Aan de voorlopige hechtenis ligt ten grondslag de vrees voor recidive. Schorsing van de voorlopige hechtenis kan daarom alleen worden uitgesproken als duidelijk is dat dit recidivegevaar voldoende kan worden ingeperkt door het stellen van schorsingsvoorwaarden. Het hof is daar op dit moment niet van overtuigd. Het reclasseringsrapport bevat onvoldoende objectieve informatie over hoe het leven van de verdachte er tot zijn aanhouding heeft uitgezien. Zo is klaarblijkelijk niet geïnformeerd bij de school van de verdachte over hoe het daar ging en hoe de verdachte daar werd ervaren. Evenmin is gesproken met de moeder van de verdachte, bij wie hij normaal gesproken verblijft, terwijl in haar woning het elektronisch toezicht uitgeoefend zou moeten worden. Daarbij komt dat voor het hof en klaarblijkelijk ook voor de reclassering nog steeds onvoldoende duidelijk is hoe precies de delicten tot stand zijn gekomen. De reclassering heeft in verband hiermee verdiepingsdiagnostiek ingezet. Aan de hand daarvan kan, zo heeft de reclassering gerapporteerd, een gerichter plan van aanpak worden opgesteld. Zolang deze nadere informatie niet beschikbaar is vindt het hof schorsing van de voorlopige hechtenis niet verantwoord. Daarmee is overigens nog niets gezegd over hoe het hof zou oordelen als deze informatie wel beschikbaar is. Om vorenstaande reden zal het beroep worden afgewezen.

De beslissing

Het hof:
WIJST AF het beroep tegen de bestreden beschikking.

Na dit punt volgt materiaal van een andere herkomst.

lemma forward_layers_tree_root:
  assumes x: "x < 2 ^ base" and j: "j < n"
  shows "bit (cnots (concat forward_layers) x) (tree_wire 0 j) \<longleftrightarrow> parity {..<n} (\<lambda>i. A j i \<and> bit x (src i))"
proof -
  define y where "y = cnots (concat (map fanout_layer [0..<K])) (cnots load_layer x)"
  have "fanout_inv K x y"
    unfolding y_def using fanout_inv_load_layer[OF x] fanout_inv_fanout_layer
    by (intro cnots_stages[where I = "\<lambda>r. fanout_inv r x"]) auto
  then have "tree_inv K x (cnots (concat (map sum_layer [0..<K])) (cnots gather_layer y))"
    using tree_inv_gather_layer
    by (intro cnots_stages[where I = "\<lambda>r. tree_inv r x"]) (auto intro: tree_inv_sum_layer)
  moreover have "{i \<in> {0..<0 + 2 ^ K}. i < n \<and> A j i \<and> bit x (src i)} = {i \<in> {..<n}. A j i \<and> bit x (src i)}"
    using n_le by auto
  ultimately show ?thesis
    using j by (simp add: forward_layers_def y_def tree_inv_def parity_def)
qed

lemma bit_cnots_layers:
  assumes x: "x < 2 ^ base"
  shows "bit (cnots (concat layers) x) q
    \<longleftrightarrow> bit x q \<noteq> (\<exists>j < n. q = tgt j \<and> parity {..<n} (\<lambda>i. A j i \<and> bit x (src i)))"
proof -
  define G where "G = concat forward_layers"
  define y where "y = cnots G x"
  have "valid_cnot_circuit width G"
    using forward_layer_valid valid_cnot_circuit_work_wires by (simp add: G_def)
  moreover have "c \<in> work_wires" if "(c, t) \<in> set G" for c t
    using that forward_layer_valid unfolding G_def set_concat by blast
  then have "\<forall>(c, t) \<in> set output_layer. t \<notin> fst ` set G"
    using tgt_notin_work_wires by (fastforce simp: output_layer_def)
  ultimately have "cnots (concat layers) x = x XOR (cnots output_layer y XOR y)"
    using cnots_conjugate by (simp add: layers_def G_def y_def rev_concat[symmetric])
  moreover have "bit (cnots output_layer y) q \<noteq> bit y q
      \<longleftrightarrow> (\<exists>j < n. q = tgt j \<and> parity {..<n} (\<lambda>i. A j i \<and> bit x (src i)))"
  proof (cases "q \<in> tgt ` {..<n}")
    case True
    then obtain j where j: "j < n" "q = tgt j" by blast
    then have "(tree_wire 0 j, q) \<in> set output_layer" by (simp add: output_layer_def)
    then have "bit (cnots output_layer y) q \<noteq> bit y q \<longleftrightarrow> bit y (tree_wire 0 j)"
      using bit_cnots_layer_target[OF cnot_layer_output_layer] by auto
    also have "\<dots> \<longleftrightarrow> parity {..<n} (\<lambda>i. A j i \<and> bit x (src i))"
      unfolding y_def G_def by (rule forward_layers_tree_root[OF x j(1)])
    also have "\<dots> \<longleftrightarrow> (\<exists>j' < n. q = tgt j' \<and> parity {..<n} (\<lambda>i. A j' i \<and> bit x (src i)))"
      using j inj_tgt by (auto simp: inj_on_def)
    finally show ?thesis .
  next
    case False
    then have "q \<notin> snd ` set output_layer" by (auto simp: output_layer_def)
    then show ?thesis using False bit_cnots_nontarget by auto
  qed
  ultimately show ?thesis by (simp add: bit_xor_iff)
qed

end

section \<open>Logarithmic-depth CNOT circuits\<close>

lemma parity_block_registers:
  assumes "n \<le> 2 ^ K"
  shows "parity_block n K (2 * n) (\<lambda>i. i) ((+) n)"
    and "parity_block n K (2 * n) ((+) n) (\<lambda>i. i)"
  using assms by (unfold_locales; auto simp: inj_on_def)+

lemma cnots_layers_copy_up:
  assumes "n \<le> 2 ^ K" "x < 2 ^ n" "y < 2 ^ n"
    and y: "\<And>j. j < n \<Longrightarrow> bit y j = parity {..<n} (\<lambda>i. A j i \<and> bit x i)"
  shows "cnots (concat (parity_block.layers n K (2 * n) (\<lambda>i. i) ((+) n) A)) x = x XOR push_bit n y"
proof (rule bit_eqI)
  fix q
  have x: "x < 2 ^ (2 * n)"
    by (rule less_le_trans[OF assms(2)]) (simp add: power_increasing)
  have "bit (cnots (concat (parity_block.layers n K (2 * n) (\<lambda>i. i) ((+) n) A)) x) q
      \<longleftrightarrow> bit x q \<noteq> (\<exists>j < n. q = n + j \<and> parity {..<n} (\<lambda>i. A j i \<and> bit x i))"
    by (rule parity_block.bit_cnots_layers[OF parity_block_registers(1)[OF assms(1)] x])
  also have "(\<exists>j < n. q = n + j \<and> parity {..<n} (\<lambda>i. A j i \<and> bit x i)) \<longleftrightarrow> n \<le> q \<and> bit y (q - n)"
    using y assms(3) by (auto simp: less_power_iff_bits intro!: exI[where x = "q - n"])
  finally show "bit (cnots (concat (parity_block.layers n K (2 * n) (\<lambda>i. i) ((+) n) A)) x) q
      \<longleftrightarrow> bit (x XOR push_bit n y) q"
    by (simp add: bit_xor_iff bit_push_bit_iff)
qed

Deze beschikking is gegeven op 17 oktober 2018 in raadkamer van dit hof door
mr. J.L. Bruinsma, voorzitter,
mrs. A.M. Kengen en P.H.M. Kuster, raadsheren,
in tegenwoordigheid van mr. S. Grote Ganseij als griffier.
De advocaat-generaal bij dit gerechtshof brengt vorenstaande beschikking ter kennis van de verdachte.